Read through the lines below for the string "moreover" and copy each one that has it.
*** SUPPLIED INFORMATION ***
(* Fix $p\in(1,\infty)$ and Radon measures $\mu,\nu$ on $\mathbb{R}^N$. Let $K$ be a singular kernel on $\mathbb{R}^N$ (with respect to $\mu,\nu$) which is restrictedly $L^p$ bounded with bound $C$. Let $\rho\in L^1(\mathbb{R}^N,dx)$, and put $M=1-\widehat\rho$ and $M_\varepsilon(x):=M(x/\varepsilon)$ for $\varepsilon>0$. Then for every $\varepsilon>0$ the kernel $K_\varepsilon(s,t):=K(s,t)M_\varepsilon(t-s)$ is restrictedly $L^p$ bounded with bound $(1+\|\rho\|_{L^1(dx)})\,C$.
   Context: A singular kernel on $\mathbb{R}^N$ (with respect to Radon measures $\mu,\nu$) is a $\mu\times\nu$-measurable (complex-valued) function $K$ on $\mathbb{R}^N\times\mathbb{R}^N$ which is locally in $L^2(\mu\times\nu)$ off the diagonal $\{(s,t):s=t\}$. Such a kernel is restrictedly $L^p$ bounded with bound $C$ (i.e. as a formal operator $L^p(\mu)\to L^p(\nu)$) if $\left|\int K(s,t)f(t)g(s)\,d\mu(t)\,d\nu(s)\right|\le C\|f\|_{L^p(\mu)}\|g\|_{L^{p'}(\nu)}$, $1/p+1/p'=1$, for all bounded Borel functions $f,g$ with compact supports satisfying $\operatorname{dist}(\operatorname{supp}f,\operatorname{supp}g)>0$. The Fourier transform is $\widehat\rho(s)=\int_{\mathbb{R}^N}\rho(x)e^{-is\cdot x}\,dx$. *)

theory Defs
  imports "HOL-Analysis.Analysis"
begin

text \<open>Radon measure on the Euclidean space 'a: a Borel measure which is finite on compact sets
  (on R^N local finiteness implies regularity).\<close>
definition radon_measure :: "'a::euclidean_space measure \<Rightarrow> bool" where
  "radon_measure M \<longleftrightarrow> sets M = sets borel \<and> (\<forall>A. compact A \<longrightarrow> emeasure M A < \<infinity>)"

definition kernel_measure :: "'a::euclidean_space measure \<Rightarrow> 'a measure \<Rightarrow> ('a \<times> 'a) measure" where
  "kernel_measure \<mu> \<nu> = completion (\<nu> \<Otimes>\<^sub>M \<mu>)"

definition singular_kernel ::
  "'a::euclidean_space measure \<Rightarrow> 'a measure \<Rightarrow> ('a \<Rightarrow> 'a \<Rightarrow> complex) \<Rightarrow> bool" where
  "singular_kernel \<mu> \<nu> K \<longleftrightarrow>
     (\<lambda>z. K (fst z) (snd z)) \<in> borel_measurable (kernel_measure \<mu> \<nu>) \<and>
     (\<forall>Q. compact Q \<and> Q \<inter> {z. fst z = snd z} = {} \<longrightarrow>
        (\<integral>\<^sup>+ z. ennreal ((norm (K (fst z) (snd z)))\<^sup>2) * indicator Q z \<partial>kernel_measure \<mu> \<nu>) < \<infinity>)"

definition fsupp :: "('a::euclidean_space \<Rightarrow> complex) \<Rightarrow> 'a set" where
  "fsupp f = closure {x. f x \<noteq> 0}"

definition Lp_norm :: "real \<Rightarrow> 'a measure \<Rightarrow> ('a \<Rightarrow> complex) \<Rightarrow> real" where
  "Lp_norm p M f = (\<integral> x. norm (f x) powr p \<partial>M) powr (1 / p)"

definition test_fun :: "('a::euclidean_space \<Rightarrow> complex) \<Rightarrow> bool" where
  "test_fun f \<longleftrightarrow> f \<in> borel_measurable borel \<and> bounded (range f) \<and> compact (fsupp f)"

definition restrictedly_Lp_bounded ::
  "real \<Rightarrow> 'a::euclidean_space measure \<Rightarrow> 'a measure \<Rightarrow> ('a \<Rightarrow> 'a \<Rightarrow> complex) \<Rightarrow> real \<Rightarrow> bool" where
  "restrictedly_Lp_bounded p \<mu> \<nu> K C \<longleftrightarrow>
     (\<forall>f g. test_fun f \<and> test_fun g \<and>
        (\<exists>\<delta>>0. \<forall>x\<in>fsupp f. \<forall>y\<in>fsupp g. \<delta> \<le> dist x y) \<longrightarrow>
        norm (\<integral> z. K (fst z) (snd z) * f (snd z) * g (fst z) \<partial>kernel_measure \<mu> \<nu>)
          \<le> C * Lp_norm p \<mu> f * Lp_norm (p / (p - 1)) \<nu> g)"

definition fourier :: "('a::euclidean_space \<Rightarrow> complex) \<Rightarrow> 'a \<Rightarrow> complex" where
  "fourier \<rho> s = (\<integral> x. \<rho> x * cis (- (s \<bullet> x)) \<partial>lborel)"

definition L1_norm :: "('a::euclidean_space \<Rightarrow> complex) \<Rightarrow> real" where
  "L1_norm \<rho> = (\<integral> x. norm (\<rho> x) \<partial>lborel)"

end

theory Submission
  imports Defs
begin

text \<open>Writing the Fourier transform as an integral, K(s,t) rho_hat((t - s)/eps) is the average,
  with weight rho(x) dx, of the modulated kernels K(s,t) exp(i x.(s - t)/eps). A modulation can be
  absorbed into the test functions, f(t) exp(-i x.t/eps) and g(s) exp(i x.s/eps), without changing
  their supports or L^p norms, so every modulated kernel is restrictedly bounded by C. Since
  K(s,t) f(t) g(s) is integrable when f and g have disjoint compact supports (K is locally L^2 off
  the diagonal), Fubini's theorem bounds the averaged kernel by ||rho||_1 C, and subtracting it
  from K gives the bound (1 + ||rho||_1) C.\<close>

lemma sigma_finite_measure_radon:
  fixes M :: "'a::euclidean_space measure"
  assumes "radon_measure M"
  shows "sigma_finite_measure M"
proof
  have sets: "sets M = sets borel" and fin: "\<And>A. compact A \<Longrightarrow> emeasure M A < \<infinity>"
    using assms by (auto simp: radon_measure_def)
  let ?A = "range (\<lambda>n::nat. cball (0::'a) (real n))"
  have "\<exists>n::nat. x \<in> cball 0 (real n)" for x :: 'a
    using real_arch_simple[of "norm x"] by simp
  then have "\<Union> ?A = space M"
    using sets_eq_imp_space_eq[OF sets] by auto
  moreover have "?A \<subseteq> sets M"
    by (auto simp: sets borel_closed)
  moreover have "\<forall>a\<in>?A. emeasure M a \<noteq> \<infinity>"
    using fin by (auto intro!: less_imp_neq)
  ultimately show "\<exists>A. countable A \<and> A \<subseteq> sets M \<and> \<Union> A = space M \<and> (\<forall>a\<in>A. emeasure M a \<noteq> \<infinity>)"
    by (intro exI[of _ ?A]) simp
qed

lemma sigma_finite_measure_completion:
  assumes "sigma_finite_measure M"
  shows "sigma_finite_measure (completion M)"
proof -
  obtain A where "countable A" "A \<subseteq> sets M" "\<Union> A = space M" "\<forall>a\<in>A. emeasure M a \<noteq> \<infinity>"
    using sigma_finite_measure.sigma_finite_countable[OF assms] by blast
  then show ?thesis
    unfolding sigma_finite_measure_def by (intro exI[of _ A]) auto
qed

lemma sets_pair_measure_radon:
  fixes \<mu> \<nu> :: "'a::euclidean_space measure"
  assumes "radon_measure \<mu>" "radon_measure \<nu>"
  shows "sets (\<nu> \<Otimes>\<^sub>M \<mu>) = sets (borel :: ('a \<times> 'a) measure)"
proof -
  have "sets (\<nu> \<Otimes>\<^sub>M \<mu>) = sets (borel \<Otimes>\<^sub>M (borel :: 'a measure))"
    using assms by (intro sets_pair_measure_cong) (auto simp: radon_measure_def)
  then show ?thesis
    by (subst (asm) borel_prod)
qed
*** End of SUPPLIED INFORMATION ***
__ANSWER TO THIS EXERCISE__
  moreover have "?A \<subseteq> sets M"
  moreover have "\<forall>a\<in>?A. emeasure M a \<noteq> \<infinity>"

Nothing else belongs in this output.